A Brief Introduction to Histograms
Visual analytics is defined as the “science of analytical reasoning supported by interactive visual interfaces” (Keim, Mansmann & Thomas, 2010, p.5). According to these authors, visual analytic tools allow those making decisions the flexibility and creativity necessary to gain insight into complex problems considering the incredible storage and processing capacity of today’s devices.
There are many visualization techniques used to answer analytical problems. Among them are line plots, histograms, heat-maps, etc. One of my favorites? Histograms. Kraska (2018) state that histograms “require bining the data into buckets and then performing an aggregation per bucket” (p.2153). First introduced by Pearson (1894), histograms are a representation of the distribution of numerical data, an estimate of the probability distribution of a continuous variable.
Building a Histogram
Python and its libraries are especially suitable for visual analytics techniques. Van der Walt et. al. (2014) state that the Numpy and Matplotlib libraries in Python can be used to easily perform operations such as building histograms. We will show an example of using the Matplotlib and Numpy libraries here following the guidance set forward by Kazarinoff (2018).
Import matplotlib, numpy and, if using Jupyter notebooks, make sure to use inline
import matplotlib.pyplot as plt import numpy as np %matplotlib inline
Define a mean and a standard deviation, then use a numpy function to create an array of random numbers with a normal distribution (i.e. 200 numbers).
mu = 80 sigma = 7 x = np.random.normal(mu, sigma, size=200)
Use plt.hist() to plot the histogram along with some keyword arguments.
plt.hist(x, 20, density=True, histtype=’bar’, facecolor=’b’, alpha=0.5)
plt.show()
How to Use to Answer Analytical Problems
The following answer to an analytical problem using histograms is based on the work by Rajasekharan, Kermani, and Markovic (2018).

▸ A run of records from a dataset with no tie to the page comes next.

(* Under the assumptions on $(\xi_t,\zeta_t)_{t=1}^L$, $Q$, $R$, $\sigma_\zeta$, $\gamma_0$ stated in the context, define for $k\ge0$ the processes $\rho^k_0=0$, $\rho^k_t=(I-\gamma_tQ)\rho^k_{t-1}+\gamma_t\zeta^k_t$ ($t\in[L]$), where $\zeta^0_t:=\zeta_t$ and $\zeta^k_t:=(Q-\xi_t\xi_t^\top)\rho^{k-1}_{t-1}$ for $k\ge1$. Then for all $k\ge0$ and $t\in[L]$, $$\mathbb E[\zeta^k_t\zeta^{k\top}_t]\preceq\sigma_\zeta^2\gamma_0^kR^{2k}Q\qquad\text{and}\qquad\mathbb E[\rho^k_t\rho^{k\top}_t]\preceq\sigma_\zeta^2\gamma_0^{k+1}R^{2k}I.$$
   Context: Assumptions: $(\xi_t,\zeta_t)_{t=1}^L$ are independent pairs of random vectors in $\mathbb R^M$ with $\mathbb E[\xi_t\xi_t^\top]=Q$, $\mathbb E[\zeta_t]=0$, $\mathbb E[\xi_t\xi_t^\top\xi_t\xi_t^\top]\preceq R^2Q$, $\mathbb E[\zeta_t\zeta_t^\top]\preceq\sigma_\zeta^2Q$, and $\gamma_0R^2\le1/4$. Stepsizes: $\gamma_t=\gamma_0/2^{\ell}$ with $\ell=\lfloor t/(L/\log L)\rfloor$ ($\log$ base 2), $t=1,\dots,L$. $\preceq$ is the Loewner order, $[L]=\{1,\dots,L\}$. *)

theory Defs
  imports "HOL-Probability.Probability"
begin

definition outer :: "real^'n \<Rightarrow> real^'n \<Rightarrow> real^'n^'n" where
  "outer x y = (\<chi> i j. x $ i * y $ j)"

definition loewner_le :: "real^'n^'n \<Rightarrow> real^'n^'n \<Rightarrow> bool" where
  "loewner_le A B \<longleftrightarrow> (\<forall>v. v \<bullet> ((B - A) *v v) \<ge> 0)"

definition stepsize :: "real \<Rightarrow> nat \<Rightarrow> nat \<Rightarrow> real" where
  "stepsize g0 L t = g0 / 2 ^ nat \<lfloor>real t / (real L / log 2 (real L))\<rfloor>"

fun rho :: "(nat \<Rightarrow> real) \<Rightarrow> real^'n^'n \<Rightarrow> (nat \<Rightarrow> 'a \<Rightarrow> real^'n) \<Rightarrow> (nat \<Rightarrow> 'a \<Rightarrow> real^'n)
            \<Rightarrow> nat \<Rightarrow> nat \<Rightarrow> 'a \<Rightarrow> real^'n" where
  "rho g Q xi ze k 0 \<omega> = 0"
| "rho g Q xi ze k (Suc t) \<omega> =
     (mat 1 - g (Suc t) *\<^sub>R Q) *v rho g Q xi ze k t \<omega>
     + g (Suc t) *\<^sub>R (case k of 0 \<Rightarrow> ze (Suc t) \<omega>
                          | Suc j \<Rightarrow> (Q - outer (xi (Suc t) \<omega>) (xi (Suc t) \<omega>)) *v rho g Q xi ze j t \<omega>)"

definition zetak :: "(nat \<Rightarrow> real) \<Rightarrow> real^'n^'n \<Rightarrow> (nat \<Rightarrow> 'a \<Rightarrow> real^'n) \<Rightarrow> (nat \<Rightarrow> 'a \<Rightarrow> real^'n)
            \<Rightarrow> nat \<Rightarrow> nat \<Rightarrow> 'a \<Rightarrow> real^'n" where
  "zetak g Q xi ze k t \<omega> = (case k of 0 \<Rightarrow> ze t \<omega>
       | Suc j \<Rightarrow> (Q - outer (xi t \<omega>) (xi t \<omega>)) *v rho g Q xi ze j (t - 1) \<omega>)"

end

(* Induction on t, simultaneously for all k.  For k >= 1 write v . zeta^k_t = a . rho^(k-1)_(t-1)
   with a = (Q - xi_t xi_t^T)^T v.  The iterate rho^(k-1)_(t-1) is a function of the data before
   time t, hence independent of a, so the bound E[rho rho^T] <= c I gives
   E[(v . zeta^k_t)^2] <= c E|a|^2 <= c R^2 v^T Q v, because
   E|a|^2 = E[(v . xi)^2 |xi|^2] - |Q^T v|^2.  For rho, v . rho^k_t = w . rho^k_(t-1) + gamma_t v . zeta^k_t
   with w = (I - gamma_t Q)^T v; the cross term has mean zero since E a = 0 and E zeta_t = 0, and
   |w|^2 = |v|^2 - 2 gamma_t v^T Q v + gamma_t^2 |Q^T v|^2 together with gamma_t <= gamma_0 and
   gamma_0 R^2 <= 1/4 shows that the bound sigma^2 gamma_0^(k+1) R^(2k) |v|^2 propagates. *)

theory Submission
  imports Defs
begin

section \<open>Outer products and quadratic forms\<close>

lemma outer_mult_vec: "outer p p *v v = (p \<bullet> v) *\<^sub>R p"
  by (simp add: vec_eq_iff outer_def matrix_vector_mult_def inner_vec_def sum_distrib_left mult_ac)

lemma inner_outer_mult_vec: "u \<bullet> (outer p p *v v) = (u \<bullet> p) * (p \<bullet> v)"
  by (simp add: outer_mult_vec)

lemma inner_outer_outer_mult_vec: "v \<bullet> ((outer p p ** outer p p) *v v) = (v \<bullet> p)\<^sup>2 * (p \<bullet> p)"
  by (simp add: outer_mult_vec matrix_vector_mul_assoc[symmetric] inner_commute power2_eq_square mult_ac)

lemma norm_outer_self: "norm (outer x x) = (norm x)\<^sup>2"
proof -
  have "norm (outer x x) = L2_set (\<lambda>i. \<bar>x $ i\<bar> * norm x) UNIV"
    unfolding norm_vec_def outer_def by (simp add: abs_mult L2_set_right_distrib)
  also have "\<dots> = L2_set (\<lambda>i. norm (x $ i)) UNIV * norm x"
    by (simp add: L2_set_left_distrib)
  finally show ?thesis by (simp add: norm_vec_def power2_eq_square)
qed

lemma vector_matrix_mult_diff_outer: "v v* (Q - outer p p) = v v* Q - (v \<bullet> p) *\<^sub>R p"
  by (simp add: vec_eq_iff vector_matrix_mult_def outer_def inner_vec_def sum_subtractf
      right_diff_distrib sum_distrib_left mult_ac)

lemma loewner_le_iff: "loewner_le A B \<longleftrightarrow> (\<forall>v. v \<bullet> (A *v v) \<le> v \<bullet> (B *v v))"
  unfolding loewner_le_def by (simp add: matrix_vector_mult_diff_rdistrib inner_diff_right)

lemma square_inner_eq_double_sum:
  "(u \<bullet> x)\<^sup>2 = (\<Sum>i\<in>UNIV. \<Sum>l\<in>UNIV. (u $ i * u $ l) * (x $ i * x $ l))"
  by (simp add: inner_vec_def power2_eq_square sum_product mult_ac)

lemma bounded_linear_quadratic_form: "bounded_linear (\<lambda>A::real^'n^'m. u \<bullet> (A *v v))"
proof -
  have "linear (\<lambda>A::real^'n^'m. A *v v)"
    by (auto simp: linear_iff matrix_vector_mult_add_rdistrib simp flip: scaleR_matrix_vector_assoc)
  then show ?thesis
    by (intro bounded_linear_compose[OF bounded_linear_inner_right] linear_conv_bounded_linear[THEN iffD1])
qed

Question: What is the frequency distribution of the number (population) of new immigrants from the various countries to Canada in 2013?

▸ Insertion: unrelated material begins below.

(* Fix $\varepsilon\in(0,1/2)$. There is a constant $B(\varepsilon)\in(0,\infty)$ such that for every $N$ and every $\eta>0$ the following holds. If $V_N=\mathbb Z/2N\mathbb Z$ (with $2N\ge3$) and $(K_i)_{i\ge1}$ is any sequence with $K_i\in\mathcal Q_{\mathrm{lazy}}(\varepsilon)$ for all $i$, or if $V_N=\mathbb Z/(2N+1)\mathbb Z$ and $(K_i)_{i\ge1}$ is any sequence with $K_i\in\mathcal Q(\varepsilon)$ for all $i$, then for all $n\ge B(\varepsilon)N^2(1+\log_+(1/\eta))$, \[\max_{x,y,z\in V_N}\Bigl|\frac{K_{0,n}(x,z)}{K_{0,n}(y,z)}-1\Bigr|\le\eta.\] In particular, the total variation $\eta$-merging time of $\mathcal Q_{\mathrm{lazy}}(\varepsilon)$ on $\mathbb Z/2N\mathbb Z$ (resp. of $\mathcal Q(\varepsilon)$ on $\mathbb Z/(2N+1)\mathbb Z$) is at most $B(\varepsilon)N^2(1+\log_+(1/\eta))$.
   Context: $Q$ is the simple random walk kernel on $\mathbb Z/p\mathbb Z$: $Q(x,y)=1/2$ if $y=x\pm1$, $0$ otherwise. For $\delta\in(-1/2,1/2)$, $Q_\delta=Q+\Delta_\delta$ with $\Delta_\delta(0,1)=\delta$, $\Delta_\delta(0,-1)=-\delta$, $\Delta_\delta(x,y)=0$ otherwise. $\mathcal Q(\varepsilon)=\{Q_\delta:\delta\in[-\varepsilon,\varepsilon]\}$ and $\mathcal Q_{\mathrm{lazy}}(\varepsilon)=\{\frac12(I+K):K\in\mathcal Q(\varepsilon)\}$. $K_{0,n}=K_1K_2\cdots K_n$ (matrix product). The family $\mathcal Q$ has total variation $\eta$-merging time at most $T$ if for every sequence $(K_i)$ with $K_i\in\mathcal Q$ and every $t>T$, $\max_{x,y}\|K_{0,t}(x,\cdot)-K_{0,t}(y,\cdot)\|_{\mathrm{TV}}\le\eta$, where $\|\mu-\nu\|_{\mathrm{TV}}=\sup_A(\mu(A)-\nu(A))$. Conventions $0/0=1$, $a/0=\infty$ for $a>0$. $\log_+t=\max(\log t,0)$. *)

theory Defs
  imports Complex_Main
begin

df_can[2013].plot(kind=’hist’, figsize=(8, 5))
plt.title(‘Histogram of Immigration from 195 Countries in 2013’) # add a title to the histogram plt.ylabel(‘Number of Countries’) # add y-label plt.xlabel(‘Number of Immigrants’) # add x-label
plt.show()
This histogram is skewed right. Most countries that have migrated to Canada are providing between 0 and 5 thousand immigrants each. A few countries have provided between 10 and 15 thousand migrants, and a handful of countries have high migration rates of 30 to 35 thousand migrants.
Key Strengths and Weaknesses
Based on the work by Biehler (2005).
Strengths.
• Allow viewers to easily compare data. • Works well with large ranges of information. • Provides a more concrete form of consistency as intervals are always equal. • Great for dealing with large value ranges.
Weaknesses.
• It is extremely difficult and practically impossible to extract the exact amount of “input” in the histogram unless it is a frequency histogram. • Histograms are often considered inconvenient when comparing multiple categories.
You can view the files used for this blog by going to my Git repository.
References
Biehler, R. (2005, February). Strength and weaknesses in students’ project work in exploratory data analysis. In Proceedings of the Fourth Congress of the European Society for Research in Mathematics Education, Sant Feliu de Guíxols, Spain–17-21 February (pp. 580-590).
Kazarinoff, P. (2018, October 8). Plotting histograms with matplotlib and Python. Retrieved from https://pythonforundergradengineers.com/histogram-plots-with-matplotlib-and-python.html
Keim, D. A., Mansmann, F., & Thomas, J. (2010). Visual analytics: how much visualization and how much analytics?. ACM SIGKDD Explorations Newsletter, 11(2), 5-8.
Kraska, T. (2018). Northstar: An interactive data science system. Proceedings of the VLDB Endowment, 11(12), 2150-2164.
Pearson, K. (1894). Contributions to the mathematical theory of evolution. Philosophical Transactions of the Royal Society of London. A, 185, 71-110.
Rajasekharan, J., Kermani, E.M. & Markovic, S. (2018). Area plots, histograms, and bar plots. Retrieved from https://labs.cognitiveclass.ai/tools/jupyterlab/lab/tree/labs/DV0101EN/DV0101EN-2-2-1-Area-Plots-Histograms-and-Bar-Charts-py-v2.0.ipynb
Van der Walt, S., Schönberger, J. L., Nunez-Iglesias, J., Boulogne, F., Warner, J. D., Yager, N., … & Yu, T. (2014). scikit-image: image processing in Python. PeerJ, 2, e453.